High-quality molecular data are required: genotyping errors or incorrect sequence alignments can significantly affect parameter estimation. Table 1 shows the types of data accepted by current samplers.

Table 1.

Commonly used coalescent genealogy samplers

Program	Version reviewed	Algorithm	Data supported	Combine loci with different copy number?	Previous programs superseded
BEAST [21]	1.4.7	CS (Bayesian)	Nucleotide, amino acid, codon, two-allele	No
GENETREE [22]	9.0	IS	Nucleotide	No	ptreesim, timesim
IM, IMa [23–25]	Version of 3/2/2008	CS (Bayesian)	Nucleotide, microsatellite	Yes	MDIV
LAMARC [26]	2.1.2b	CS (Bayesian or likelihood)	Nucleotide, SNP, microsatellite, K-allele	Yes	COALESCE, FLUCTUATE, RECOMBINE
MIGRATE-N [27,28]	2.4	CS (Bayesian or likelihood)	Nucleotide, SNP, microsatellite, K-allele	Yes	MIGRATE

Abbreviations: CS, correlated sampling; IS, independent sampling.

When designing studies, researchers must choose how much effort to put into collecting more individuals, genotyping more loci or sequencing longer stretches of DNA. For the study of a single population, in the absence of recombination, the statistical power of genealogy sampling is optimized by sampling a modest number of haplotypes (as few as 8) at as many unlinked loci as possible [29]. Sequences can be fairly short, although they should be long enough to contain multiple polymorphic sites. Data requirements for multiple-population cases have not been determined, but the general principle of preferring multiple loci should still hold. With recombination, however, long sequences from a single locus can substitute for multiple loci. For summary statistics, small numbers (3–10) of very long sequences are optimal for recombination rate inference [30]; this likely holds for genealogy samplers as well. Detection of recombinations is easiest when there are distinctive sequences on both sides of the breakpoint; long sequences thus allow more recombinations to be detected.

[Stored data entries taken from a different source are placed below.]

lemma valop_iterates_AE_pos:
  fixes K :: "'a::polish_space \<Rightarrow> 'a measure" and pi :: "'a measure"
  assumes K: "K \<in> borel \<rightarrow>\<^sub>M subprob_algebra borel"
    and pi: "prob_space pi" "sets pi = sets borel" and stationary: "bind pi K = pi"
    and nu: "prob_space nu"
    and phi_meas: "(\<lambda>(x, y, e). phi x y e) \<in> borel_measurable (borel \<Otimes>\<^sub>M borel \<Otimes>\<^sub>M nu)"
    and phi_pos: "\<And>x y e. phi x y e > 0"
    and irreducible: "\<And>B x. B \<in> sets borel \<Longrightarrow> emeasure pi B > 0 \<Longrightarrow>
               \<exists>n\<ge>1. emeasure (kpow K n x) B > 0"
    and V_finite: "\<And>h. h \<in> Lp pi p \<Longrightarrow>
          AE x in pi. (\<integral>\<^sup>+y. ennreal \<bar>h y\<bar> * (\<integral>\<^sup>+e. ennreal (phi x y e) \<partial>nu) \<partial>K x) < \<infinity>"
    and V_maps: "\<And>h. h \<in> Lp pi p \<Longrightarrow> valop K nu phi h \<in> Lp pi p"
    and h0: "h0 \<in> Lp pi p" "\<And>x. h0 x \<ge> 0" "\<not> (AE x in pi. h0 x = 0)"
  shows "AE x in pi. \<exists>n. (valop K nu phi ^^ n) h0 x > 0"
proof -
  define hs where "hs n = (valop K nu phi ^^ n) h0" for n
  define S where "S = {x. \<exists>n. hs n x > 0}"
  have hs_L: "hs n \<in> Lp pi p" for n
    by (induction n) (simp_all add: hs_def h0(1) V_maps)
  have hs_nonneg: "hs n x \<ge> 0" for n x
    unfolding hs_def by (rule valop_funpow_nonneg) (simp_all add: less_imp_le phi_pos h0(2))
  have [measurable]: "hs n \<in> borel_measurable borel" for n
    using hs_L measurable_cong_sets[OF pi(2) refl] unfolding Lp_def by blast
  have S_sets: "S \<in> sets borel" unfolding S_def by measurable
  have "{x. hs 0 x \<noteq> 0} \<in> sets borel" by measurable
  then have "0 < emeasure pi {x. h0 x \<noteq> 0}"
    using h0(3) AE_iff_measurable[of _ pi "\<lambda>x. h0 x = 0"] pi(2) sets_eq_imp_space_eq[OF pi(2)]
    by (auto simp: hs_def zero_less_iff_neq_zero)
  also have "\<dots> \<le> emeasure pi S"
    using h0(2) S_sets pi(2) unfolding S_def
    by (intro emeasure_mono) (auto intro!: exI[of _ 0] simp: hs_def order.strict_iff_order)
  finally have "emeasure pi S > 0" .
  from AE_mem_if_reachable_and_complement_closed[OF K pi stationary S_sets irreducible[OF S_sets this]]
    valop_iterates_support_complement_closed[OF K pi nu phi_meas phi_pos V_finite hs_L hs_nonneg]
  show ?thesis by (simp add: S_def hs_def)
qed
definition Fr' :: "real \<Rightarrow> real" where
  "Fr' t = Re (F' (of_real t))"

lemma F_eq_set_integral:
  "F w = of_real a + of_real b * w + (LINT s:{0<..}|\<mu>. (1 - exp (- (w * of_real s))))"
  by (simp add: F_def kernel_def[abs_def] set_lebesgue_integral_def)

lemma weight_measurable [measurable]: "weight \<in> borel_measurable \<mu>"
  unfolding weight_def by measurable

lemma kernel_measurable [measurable]: "kernel w \<in> borel_measurable \<mu>"
  unfolding kernel_def by measurable

lemma kernel'_measurable [measurable]: "kernel' w \<in> borel_measurable \<mu>"
  unfolding kernel'_def by measurable

lemma weight_nonneg: "0 \<le> weight s"
  by (simp add: weight_def indicator_def)

lemma integrable_weight: "integrable \<mu> weight"
proof (rule integrableI_nonneg)
  have "(\<integral>\<^sup>+ s. ennreal (weight s) \<partial>\<mu>) = (\<integral>\<^sup>+ s. ennreal (s / (1 + s)) * indicator {0<..} s \<partial>\<mu>)"
    by (intro nn_integral_cong) (auto simp: weight_def indicator_def)
  with finite_weight show "(\<integral>\<^sup>+ s. ennreal (weight s) \<partial>\<mu>) < \<infinity>" by simp
qed (auto simp: weight_nonneg)

lemma norm_kernel_le: "0 \<le> Re w \<Longrightarrow> norm (kernel w s) \<le> 2 * (2 + norm w) * weight s"
  using norm_one_minus_exp_le_weight[of w s] by (auto simp: kernel_def weight_def indicator_def)

lemma integrable_kernel:
  assumes "0 \<le> Re w"
  shows "integrable \<mu> (kernel w)"
proof (rule Bochner_Integration.integrable_bound)
  show "integrable \<mu> (\<lambda>s. 2 * (2 + norm w) * weight s)"
    using integrable_weight by simp
  have "norm (kernel w s) \<le> norm (2 * (2 + norm w) * weight s)" for s
    using norm_kernel_le[OF assms, of s] weight_nonneg[of s] by simp
  then show "AE s in \<mu>. norm (kernel w s) \<le> norm (2 * (2 + norm w) * weight s)"
    by simp
qed simp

Approaches to genealogy sampling

The quality of a genealogy is determined by the probability that the given data would have evolved on that genealogy under a specified mutational model. Genealogy inference is challenging because the ‘search space’ is very large, and no efficient algorithm is known that can guarantee finding the best genealogy. Samplers are confronted with the need to find a small number of needles (high-quality genealogies) in an enormous haystack of low-quality genealogies.

Two approaches have been used to find high-quality genealogies. The first has been called IS for ‘importance sampling,’ although ‘independent sampling’ would be a more descriptive name. This approach assumes a mutational model under which no site has mutated more than once. The simplifying effect of this infinite-sites model allows genealogies which fit the data to be rapidly and independently discovered. Unfortunately, less restrictive mutational models are difficult to incorporate into an IS sampler. Thus, IS algorithms are most applicable to low-polymorphism data such as human nuclear single-nucleotide polymorphisms (SNP).

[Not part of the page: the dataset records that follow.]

definition disc_side :: "nat \<Rightarrow> bool list set set \<Rightarrow> nat \<Rightarrow> bool list set \<Rightarrow> bool" where
  "disc_side n F p T \<longleftrightarrow>
     card {x \<in> T. parity x \<noteq> p} \<le> card {x \<in> T. parity x = p} \<and>
     (\<forall>u\<in>T. \<forall>v. parity u = p \<and> v \<notin> T \<and> {u, v} \<in> qedges n \<longrightarrow> {u, v} \<in> F)"

lemma disc_halfway_iff:
  "disc_halfway n F T \<longleftrightarrow> T \<noteq> {} \<and> T \<subset> qverts n \<and> (\<exists>p<2. disc_side n F p T)"
proof -
  have "{x \<in> T. parity x \<noteq> 0} = {x \<in> T. parity x = 1}" "{x \<in> T. parity x \<noteq> 1} = {x \<in> T. parity x = 0}"
    by (auto simp: parity_def)
  moreover have "(\<exists>p<2. P p) \<longleftrightarrow> P 0 \<or> P 1" for P :: "nat \<Rightarrow> bool"
    by (auto simp: less_2_cases_iff)
  ultimately show ?thesis
    unfolding disc_halfway_def disc_side_def parcount_def by (simp only:)
qed

lemma disc_side_healthy_edge:
  assumes "disc_side n F p T" "u \<in> T" "parity u = p" "{u, v} \<in> qedges n - F"
  shows "v \<in> T \<and> parity v \<noteq> p"
  using assms qadj_parity by (fastforce simp: disc_side_def doubleton_in_qedges_iff)

lemma disc_side_no_ham_cycle:
  assumes side: "disc_side n F p T" and "T \<noteq> {}" "T \<subset> qverts n"
  shows "\<not> ham_cycle (qverts n) (qedges n - F) cs"
proof
  assume hc: "ham_cycle (qverts n) (qedges n - F) cs"
  let ?N = "length cs" and ?s = "\<lambda>i. Suc i mod length cs"
  define X where "X = {i. i < ?N \<and> cs ! i \<in> T \<and> parity (cs ! i) = p}"
  define Y where "Y = {i. i < ?N \<and> cs ! i \<in> T \<and> parity (cs ! i) \<noteq> p}"
  have distinct: "distinct cs" and set: "set cs = qverts n" and N: "0 < ?N"
    and edge: "\<And>i. i < ?N \<Longrightarrow> {cs ! i, cs ! ?s i} \<in> qedges n - F"
    using hc by (auto simp: ham_cycle_def)
  have succ: "?s i \<in> Y" if "i \<in> X" for i
  proof -
    from that have i: "i < ?N" "cs ! i \<in> T" "parity (cs ! i) = p" by (simp_all add: X_def)
    have "cs ! ?s i \<in> T \<and> parity (cs ! ?s i) \<noteq> p"
      by (rule disc_side_healthy_edge[OF side i(2,3) edge[OF i(1)]])
    then show ?thesis using N by (simp add: Y_def)
  qed
  have pred: "\<exists>y\<in>Y. ?s y = x" if x: "x \<in> X" for x
  proof -
    obtain y where y: "y < ?N" "?s y = x" using x Suc_mod_surj by (auto simp: X_def)
    then have "{cs ! x, cs ! y} \<in> qedges n - F" using edge[of y] by (simp add: insert_commute)
    moreover have "cs ! x \<in> T" "parity (cs ! x) = p" using x by (simp_all add: X_def)
    ultimately have "cs ! y \<in> T \<and> parity (cs ! y) \<noteq> p"
      using disc_side_healthy_edge[OF side] by blast
    then have "y \<in> Y" using y(1) by (simp add: Y_def)
    with y show ?thesis by blast
  qed
  have "{x \<in> set cs. x \<in> T \<and> Q x} = {x \<in> T. Q x}" for Q
    using set \<open>T \<subset> qverts n\<close> by auto
  then have "card X = card {x \<in> T. parity x = p}" "card Y = card {x \<in> T. parity x \<noteq> p}"
    using card_positions[OF distinct, of "\<lambda>x. x \<in> T \<and> parity x = p"]
      card_positions[OF distinct, of "\<lambda>x. x \<in> T \<and> parity x \<noteq> p"]
    by (simp_all add: X_def Y_def)
  then have "card Y \<le> card X" using side by (simp add: disc_side_def)
  moreover have "inj_on ?s Y" by (rule inj_on_subset[OF inj_on_Suc_mod]) (auto simp: Y_def)
  moreover have "finite Y" by (simp add: Y_def)
  ultimately have "?s ` Y \<subseteq> X" using pred by (intro image_subset_by_card) auto
  with succ have closed: "?s i \<in> X \<union> Y" if "i \<in> X \<union> Y" for i
    using that by blast
  obtain i where "i < ?N" "cs ! i \<in> T" "cs ! ?s i \<notin> T"
    using ham_cycle_leaves[OF hc \<open>T \<noteq> {}\<close> \<open>T \<subset> qverts n\<close>] by blast
  then show False using closed[of i] by (auto simp: X_def Y_def)
qed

The second approach begins with an arbitrary genealogy and makes small modifications, attempting to find high-quality genealogies ‘nearby.’ As a result, successive genealogies are correlated. This is a Markov chain Monte Carlo (MCMC) algorithm, and these methods have therefore been referred to as MCMC methods. However, IS also uses MCMC (in a substantially different way), so a clearer term is CS for ‘correlated sampling.’ CS methods permit a wider variety of mutational models, but have more difficulty producing a thorough sample of high-quality genealogies, because the correlated search can fail to find distant ‘islands’ of good genealogies. They are well suited to highly polymorphic data such as viral DNA sequences or human microsatellites.

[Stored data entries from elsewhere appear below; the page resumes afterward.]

(* Let $\rho_{AB}$ be a state on $H_A\otimes H_B$ (finite-dimensional), and let $\rho_{BA}$ denote the same state with tensor factors ordered $B,A$. Consider $\rho_{BA}\otimes\rho_{AB}$ on $H_{B}\otimes H_{A}\otimes H_{A}\otimes H_{B}$, with the nonbilocality measure taken with respect to the two middle factors $H_A\otimes H_A$. Then $N_H^b(\rho_{BA}\otimes\rho_{AB})\ge N_H(\rho_{AB})$; in particular, $N_H(\rho_{AB})>0$ implies $N_H^b(\rho_{BA}\otimes\rho_{AB})>0$.
   Context: $\|X\|=\sqrt{\mathrm{tr}(X^\dagger X)}$ is the Hilbert–Schmidt norm. The modified measurement-induced nonlocality is $N_H(\rho_{AB})=\max_{\Pi^A}\|\sqrt{\rho_{AB}}-\Pi^A(\sqrt{\rho_{AB}})\|^2$, the maximum over von Neumann measurements $\Pi^A=\{\Pi^A_k\}$ on $H_A$ with $\sum_k\Pi^A_k\rho_A\Pi^A_k=\rho_A$, where $\Pi^A(X)=\sum_k(\Pi^A_k\otimes I^B)X(\Pi^A_k\otimes I^B)$. For a state $\sigma$ on $H_1\otimes H_2\otimes H_3\otimes H_4$ of the form $\sigma=\sigma_{12}\otimes\sigma_{34}$, the nonbilocality measure is $N_H^b(\sigma)=\max_{\Pi^{23}}\|\sqrt{\sigma}-\Pi^{23}(\sqrt\sigma)\|^2$, the maximum over von Neumann measurements $\{\Pi^{23}_h\}$ on $H_2\otimes H_3$ leaving the reduced state $\sigma_{23}$ invariant, with $\Pi^{23}(X)=\sum_h(I\otimes\Pi^{23}_h\otimes I)X(I\otimes\Pi^{23}_h\otimes I)$. *)

theory Defs
  imports "Jordan_Normal_Form.Matrix" "HOL-Library.Complex_Order"
begin

definition mtrace :: "complex mat \<Rightarrow> complex" where
  "mtrace A = (\<Sum>i<dim_row A. A $$ (i,i))"

definition adj :: "complex mat \<Rightarrow> complex mat" where
  "adj A = mat (dim_col A) (dim_row A) (\<lambda>(i,j). cnj (A $$ (j,i)))"

definition hermitian_mat :: "nat \<Rightarrow> complex mat \<Rightarrow> bool" where
  "hermitian_mat n A \<longleftrightarrow> A \<in> carrier_mat n n \<and> adj A = A"

definition psd_mat :: "nat \<Rightarrow> complex mat \<Rightarrow> bool" where
  "psd_mat n A \<longleftrightarrow> hermitian_mat n A \<and>
     (\<forall>v \<in> carrier_vec n. (\<Sum>i<n. cnj (v $ i) * (A *\<^sub>v v) $ i) \<ge> 0)"

definition density_mat :: "nat \<Rightarrow> complex mat \<Rightarrow> bool" where
  "density_mat n A \<longleftrightarrow> psd_mat n A \<and> mtrace A = 1"

definition msqrt :: "nat \<Rightarrow> complex mat \<Rightarrow> complex mat" where
  "msqrt n A = (THE S. psd_mat n S \<and> S * S = A)"

definition hs_norm_sq :: "complex mat \<Rightarrow> real" where
  "hs_norm_sq X = Re (mtrace (adj X * X))"

text \<open>Kronecker (tensor) product; index i of the product corresponds to
  (i div dim B, i mod dim B).\<close>
definition kron :: "complex mat \<Rightarrow> complex mat \<Rightarrow> complex mat" where
  "kron A B = mat (dim_row A * dim_row B) (dim_col A * dim_col B)
     (\<lambda>(i,j). A $$ (i div dim_row B, j div dim_col B) * B $$ (i mod dim_row B, j mod dim_col B))"

text \<open>Reordering the tensor factors: from H_A \<otimes> H_B to H_B \<otimes> H_A.\<close>
definition swap_mat :: "nat \<Rightarrow> nat \<Rightarrow> complex mat \<Rightarrow> complex mat" where
  "swap_mat dA dB \<rho> = mat (dB * dA) (dB * dA)
     (\<lambda>(i,j). \<rho> $$ ((i mod dA) * dB + i div dA, (j mod dA) * dB + j div dA))"

text \<open>Reduced state on the middle factor of H_1 \<otimes> H_M \<otimes> H_4 (partial trace
  over the outer factors, of dimensions d1 and d4).\<close>
definition reduce_mid :: "nat \<Rightarrow> nat \<Rightarrow> nat \<Rightarrow> complex mat \<Rightarrow> complex mat" where
  "reduce_mid d1 d d4 \<sigma> = mat d d
     (\<lambda>(i,j). \<Sum>a<d1. \<Sum>b<d4. \<sigma> $$ ((a * d + i) * d4 + b, (a * d + j) * d4 + b))"

definition orthonormal_basis :: "nat \<Rightarrow> (nat \<Rightarrow> complex vec) \<Rightarrow> bool" where
  "orthonormal_basis d u \<longleftrightarrow> (\<forall>k<d. u k \<in> carrier_vec d) \<and>
     (\<forall>k<d. \<forall>l<d. (\<Sum>i<d. cnj (u k $ i) * u l $ i) = (if k = l then 1 else 0))"

definition proj :: "complex vec \<Rightarrow> complex mat" where
  "proj v = mat (dim_vec v) (dim_vec v) (\<lambda>(i,j). v $ i * cnj (v $ j))"

definition vN_measurement :: "nat \<Rightarrow> (nat \<Rightarrow> complex mat) \<Rightarrow> bool" where
  "vN_measurement d P \<longleftrightarrow> (\<exists>u. orthonormal_basis d u \<and> (\<forall>k<d. P k = proj (u k)))"

definition meas_mid :: "nat \<Rightarrow> nat \<Rightarrow> nat \<Rightarrow> (nat \<Rightarrow> complex mat) \<Rightarrow> complex mat \<Rightarrow> complex mat" where
  "meas_mid d1 d d4 P X =
     (let n = d1 * d * d4 in
      mat n n (\<lambda>(i,j). \<Sum>k<d. (kron (kron (1\<^sub>m d1) (P k)) (1\<^sub>m d4) * X *
                          kron (kron (1\<^sub>m d1) (P k)) (1\<^sub>m d4)) $$ (i,j)))"

text \<open>Modified MIN N_H of a state on H_A \<otimes> H_B (dims dA, dB).
  The maximum is rendered as a supremum (it is attained by compactness).\<close>
definition N_H :: "nat \<Rightarrow> nat \<Rightarrow> complex mat \<Rightarrow> real" where
  "N_H dA dB \<rho> =
     (let S = msqrt (dA * dB) \<rho>; \<rho>A = reduce_mid 1 dA dB \<rho> in
      Sup {hs_norm_sq (S - meas_mid 1 dA dB P S) | P.
             vN_measurement dA P \<and> meas_mid 1 dA 1 P \<rho>A = \<rho>A})"

definition N_H_b :: "nat \<Rightarrow> nat \<Rightarrow> nat \<Rightarrow> nat \<Rightarrow> complex mat \<Rightarrow> real" where
  "N_H_b d1 d2 d3 d4 \<sigma> =
     (let S = msqrt (d1 * d2 * d3 * d4) \<sigma>; \<sigma>23 = reduce_mid d1 (d2 * d3) d4 \<sigma> in
      Sup {hs_norm_sq (S - meas_mid d1 (d2 * d3) d4 P S) | P.
             vN_measurement (d2 * d3) P \<and> meas_mid 1 (d2 * d3) 1 P \<sigma>23 = \<sigma>23})"

end

theory Submission
  imports Defs "Jordan_Normal_Form.Schur_Decomposition"
begin

text \<open>
  Write \<open>R = \<surd>\<rho>\<^sub>A\<^sub>B\<close>.  By uniqueness of positive square roots, \<open>\<surd>(\<rho>\<^sub>B\<^sub>A \<otimes> \<rho>\<^sub>A\<^sub>B) = X \<otimes> R\<close>, where \<open>X\<close>
  is \<open>R\<close> with its tensor factors reordered, so \<open>\<parallel>X\<parallel>\<^sup>2 = tr \<rho> = 1\<close>.  Let \<open>\<Pi>\<close> be a von Neumann
  measurement on \<open>H\<^sub>A\<close> in a basis \<open>u\<close> that leaves \<open>\<rho>\<^sub>A\<close> invariant.  Measuring \<open>H\<^sub>A \<otimes> H\<^sub>A\<close> in the
  product basis \<open>u\<^sub>k \<otimes> u\<^sub>l\<close> leaves \<open>\<rho>\<^sub>A \<otimes> \<rho>\<^sub>A\<close> invariant and maps \<open>X \<otimes> R\<close> to \<open>\<Pi>(X) \<otimes> \<Pi>(R)\<close>, so the
  disturbance of \<open>X \<otimes> R\<close> is \<open>X \<otimes> (R - \<Pi>(R)) + (X - \<Pi>(X)) \<otimes> \<Pi>(R)\<close>.  A measurement channel is the
  Hilbert--Schmidt orthogonal projection onto the operators block-diagonal for the measurement, so
  \<open>R - \<Pi>(R) \<bottom> \<Pi>(R)\<close>; the two summands are therefore orthogonal and the bilocal disturbance is
  \<open>\<parallel>X\<parallel>\<^sup>2 \<parallel>R - \<Pi>(R)\<parallel>\<^sup>2 + \<parallel>(X - \<Pi>(X)) \<otimes> \<Pi>(R)\<parallel>\<^sup>2 \<ge> \<parallel>R - \<Pi>(R)\<parallel>\<^sup>2\<close>.  Taking suprema gives the
  claim: both sets of disturbances are bounded by the squared norm of the square root, and the
  measurement in an eigenbasis of \<open>\<rho>\<^sub>A\<close> leaves \<open>\<rho>\<^sub>A\<close> invariant, so the local one is nonempty.
\<close>

declare index_mult_mat_vec[simp del] index_mult_mat(1)[simp del]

Within the CS methods there is a further distinction between likelihood-based and Bayesian approaches. In a likelihood-based approach, genealogy sampling is guided by the fit of the genealogy to the data, and by assumed values, called ‘driving values,’ of the parameters to be estimated. A collection of genealogies is accumulated, and these are used to construct a likelihood surface, whose peak will generate new driving values. This process is repeated until the driving values stabilize. Sampling is most effective when the driving values are similar to the true underlying values, so only the final collection of genealogies, which presumably had the best driving values, is used to construct the final likelihood surface and maximum-likelihood estimate. Confidence intervals around the estimate are constructed based on the expected shape of the likelihood surface. These confidence intervals are somewhat controversial, as they involve assumptions about the shape of the likelihood surface which are fully correct only for implausibly large data sets.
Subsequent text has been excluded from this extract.